> [What this task involves]
Return every line of the data below that includes the string "obtain".

Data entries:
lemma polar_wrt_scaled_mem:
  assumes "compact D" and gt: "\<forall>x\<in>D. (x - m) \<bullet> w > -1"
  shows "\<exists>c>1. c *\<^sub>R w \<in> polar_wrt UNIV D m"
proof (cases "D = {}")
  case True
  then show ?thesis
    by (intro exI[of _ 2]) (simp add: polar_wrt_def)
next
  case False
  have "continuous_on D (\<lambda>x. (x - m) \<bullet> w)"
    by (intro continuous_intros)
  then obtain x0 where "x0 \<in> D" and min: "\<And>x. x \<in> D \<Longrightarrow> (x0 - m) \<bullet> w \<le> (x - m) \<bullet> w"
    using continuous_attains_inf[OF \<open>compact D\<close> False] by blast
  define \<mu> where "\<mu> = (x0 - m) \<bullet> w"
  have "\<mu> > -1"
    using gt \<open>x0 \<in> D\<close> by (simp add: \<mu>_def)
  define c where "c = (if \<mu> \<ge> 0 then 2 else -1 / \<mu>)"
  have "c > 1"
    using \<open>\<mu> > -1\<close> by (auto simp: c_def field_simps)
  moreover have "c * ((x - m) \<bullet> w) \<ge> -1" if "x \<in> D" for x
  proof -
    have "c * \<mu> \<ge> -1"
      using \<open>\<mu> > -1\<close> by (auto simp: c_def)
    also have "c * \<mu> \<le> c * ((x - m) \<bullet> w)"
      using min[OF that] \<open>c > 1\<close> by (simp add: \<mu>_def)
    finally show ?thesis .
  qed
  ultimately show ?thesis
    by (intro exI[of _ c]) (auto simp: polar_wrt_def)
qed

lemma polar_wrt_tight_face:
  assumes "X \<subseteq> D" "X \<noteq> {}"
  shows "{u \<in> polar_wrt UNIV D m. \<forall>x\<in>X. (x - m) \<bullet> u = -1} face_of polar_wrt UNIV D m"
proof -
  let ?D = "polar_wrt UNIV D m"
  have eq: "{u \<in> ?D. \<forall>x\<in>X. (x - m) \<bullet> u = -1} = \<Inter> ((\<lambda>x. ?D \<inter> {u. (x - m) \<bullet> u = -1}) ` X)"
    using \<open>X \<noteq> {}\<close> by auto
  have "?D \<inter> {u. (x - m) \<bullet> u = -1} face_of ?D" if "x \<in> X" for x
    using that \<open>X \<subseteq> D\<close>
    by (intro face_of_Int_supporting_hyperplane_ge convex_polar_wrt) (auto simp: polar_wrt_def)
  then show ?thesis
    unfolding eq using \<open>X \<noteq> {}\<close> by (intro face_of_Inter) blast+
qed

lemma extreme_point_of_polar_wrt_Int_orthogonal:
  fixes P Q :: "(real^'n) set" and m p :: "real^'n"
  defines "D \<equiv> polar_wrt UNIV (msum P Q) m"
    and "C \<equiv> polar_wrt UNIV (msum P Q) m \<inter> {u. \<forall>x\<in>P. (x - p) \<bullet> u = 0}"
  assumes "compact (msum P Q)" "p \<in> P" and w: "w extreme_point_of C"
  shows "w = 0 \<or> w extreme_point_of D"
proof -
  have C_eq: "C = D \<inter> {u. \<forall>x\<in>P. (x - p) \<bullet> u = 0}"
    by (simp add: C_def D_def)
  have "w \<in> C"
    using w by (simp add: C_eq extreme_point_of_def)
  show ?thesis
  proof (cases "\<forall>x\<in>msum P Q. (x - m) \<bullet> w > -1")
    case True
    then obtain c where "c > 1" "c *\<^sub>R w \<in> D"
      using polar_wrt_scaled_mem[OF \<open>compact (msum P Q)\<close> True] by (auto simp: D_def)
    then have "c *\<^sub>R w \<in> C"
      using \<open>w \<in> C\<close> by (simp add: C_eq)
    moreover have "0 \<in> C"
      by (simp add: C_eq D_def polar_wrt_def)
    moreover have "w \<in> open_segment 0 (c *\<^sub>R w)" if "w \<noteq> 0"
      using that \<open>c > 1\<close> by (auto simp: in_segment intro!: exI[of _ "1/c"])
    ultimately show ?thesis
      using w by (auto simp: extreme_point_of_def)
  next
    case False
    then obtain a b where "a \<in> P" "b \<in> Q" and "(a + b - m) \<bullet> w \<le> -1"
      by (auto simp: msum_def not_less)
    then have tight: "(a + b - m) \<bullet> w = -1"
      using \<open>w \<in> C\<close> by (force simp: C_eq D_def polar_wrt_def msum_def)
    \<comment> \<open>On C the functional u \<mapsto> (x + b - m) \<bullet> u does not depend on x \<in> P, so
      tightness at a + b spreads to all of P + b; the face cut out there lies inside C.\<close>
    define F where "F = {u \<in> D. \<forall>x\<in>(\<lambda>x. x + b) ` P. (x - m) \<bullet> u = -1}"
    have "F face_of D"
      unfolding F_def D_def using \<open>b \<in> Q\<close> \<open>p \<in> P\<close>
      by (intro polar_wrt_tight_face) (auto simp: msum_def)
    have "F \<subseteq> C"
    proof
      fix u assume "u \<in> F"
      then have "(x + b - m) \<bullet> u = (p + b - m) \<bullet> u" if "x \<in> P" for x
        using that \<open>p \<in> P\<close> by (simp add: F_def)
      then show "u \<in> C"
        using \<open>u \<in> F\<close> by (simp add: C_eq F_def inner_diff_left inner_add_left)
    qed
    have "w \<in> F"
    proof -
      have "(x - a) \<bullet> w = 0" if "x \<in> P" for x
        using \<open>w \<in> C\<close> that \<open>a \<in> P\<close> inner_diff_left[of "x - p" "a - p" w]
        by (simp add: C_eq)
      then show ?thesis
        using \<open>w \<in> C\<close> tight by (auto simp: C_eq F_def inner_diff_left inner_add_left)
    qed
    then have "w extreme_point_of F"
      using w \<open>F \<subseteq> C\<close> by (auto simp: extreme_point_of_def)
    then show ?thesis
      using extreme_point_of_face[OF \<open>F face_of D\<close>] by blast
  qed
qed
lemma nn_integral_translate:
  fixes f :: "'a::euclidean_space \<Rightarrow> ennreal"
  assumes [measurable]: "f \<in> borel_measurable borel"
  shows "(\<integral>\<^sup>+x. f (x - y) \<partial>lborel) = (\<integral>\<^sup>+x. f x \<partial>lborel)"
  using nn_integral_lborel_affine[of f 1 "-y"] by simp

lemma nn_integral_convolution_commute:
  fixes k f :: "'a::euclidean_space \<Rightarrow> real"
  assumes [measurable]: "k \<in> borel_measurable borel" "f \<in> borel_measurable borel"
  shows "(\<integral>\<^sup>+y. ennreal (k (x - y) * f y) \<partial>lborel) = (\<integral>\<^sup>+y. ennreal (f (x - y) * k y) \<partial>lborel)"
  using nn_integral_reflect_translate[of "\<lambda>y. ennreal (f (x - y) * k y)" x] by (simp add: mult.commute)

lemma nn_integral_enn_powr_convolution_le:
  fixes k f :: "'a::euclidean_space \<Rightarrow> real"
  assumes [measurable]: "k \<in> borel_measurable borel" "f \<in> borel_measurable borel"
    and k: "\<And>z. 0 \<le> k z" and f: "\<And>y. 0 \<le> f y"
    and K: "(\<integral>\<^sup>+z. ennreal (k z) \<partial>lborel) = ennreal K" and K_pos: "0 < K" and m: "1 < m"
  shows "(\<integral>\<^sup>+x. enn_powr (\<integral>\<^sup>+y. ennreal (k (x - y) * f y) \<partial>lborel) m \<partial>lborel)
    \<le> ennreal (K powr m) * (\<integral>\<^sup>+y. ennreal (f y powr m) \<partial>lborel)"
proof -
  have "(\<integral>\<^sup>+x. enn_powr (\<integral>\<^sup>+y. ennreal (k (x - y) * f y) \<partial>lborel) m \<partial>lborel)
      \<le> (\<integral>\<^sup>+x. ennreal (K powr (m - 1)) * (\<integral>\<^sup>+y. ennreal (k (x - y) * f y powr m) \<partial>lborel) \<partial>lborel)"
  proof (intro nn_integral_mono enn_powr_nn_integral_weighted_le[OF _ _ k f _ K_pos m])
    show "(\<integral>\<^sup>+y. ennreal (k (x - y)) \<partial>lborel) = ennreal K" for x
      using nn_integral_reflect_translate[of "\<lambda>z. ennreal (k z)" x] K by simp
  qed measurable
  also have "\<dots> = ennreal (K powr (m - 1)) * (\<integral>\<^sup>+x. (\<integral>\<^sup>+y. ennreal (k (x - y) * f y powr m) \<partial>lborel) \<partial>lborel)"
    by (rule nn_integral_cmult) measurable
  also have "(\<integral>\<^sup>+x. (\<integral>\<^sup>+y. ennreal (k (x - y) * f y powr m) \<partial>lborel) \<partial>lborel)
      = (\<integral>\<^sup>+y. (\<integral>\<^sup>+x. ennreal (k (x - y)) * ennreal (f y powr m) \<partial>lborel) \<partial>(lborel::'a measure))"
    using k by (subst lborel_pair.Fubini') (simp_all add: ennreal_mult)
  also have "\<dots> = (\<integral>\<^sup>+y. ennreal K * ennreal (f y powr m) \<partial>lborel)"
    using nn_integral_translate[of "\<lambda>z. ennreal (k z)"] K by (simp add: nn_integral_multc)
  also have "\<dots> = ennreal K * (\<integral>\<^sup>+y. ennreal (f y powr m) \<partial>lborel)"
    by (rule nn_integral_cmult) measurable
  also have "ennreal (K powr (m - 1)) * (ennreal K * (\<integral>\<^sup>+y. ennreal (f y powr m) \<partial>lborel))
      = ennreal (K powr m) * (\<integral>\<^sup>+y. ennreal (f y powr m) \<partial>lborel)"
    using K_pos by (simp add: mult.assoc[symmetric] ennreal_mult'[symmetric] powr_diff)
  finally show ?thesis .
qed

> [Finished task]
  then obtain x0 where "x0 \<in> D" and min: "\<And>x. x \<in> D \<Longrightarrow> (x0 - m) \<bullet> w \<le> (x - m) \<bullet> w"
    then obtain c where "c > 1" "c *\<^sub>R w \<in> D"
    then obtain a b where "a \<in> P" "b \<in> Q" and "(a + b - m) \<bullet> w \<le> -1"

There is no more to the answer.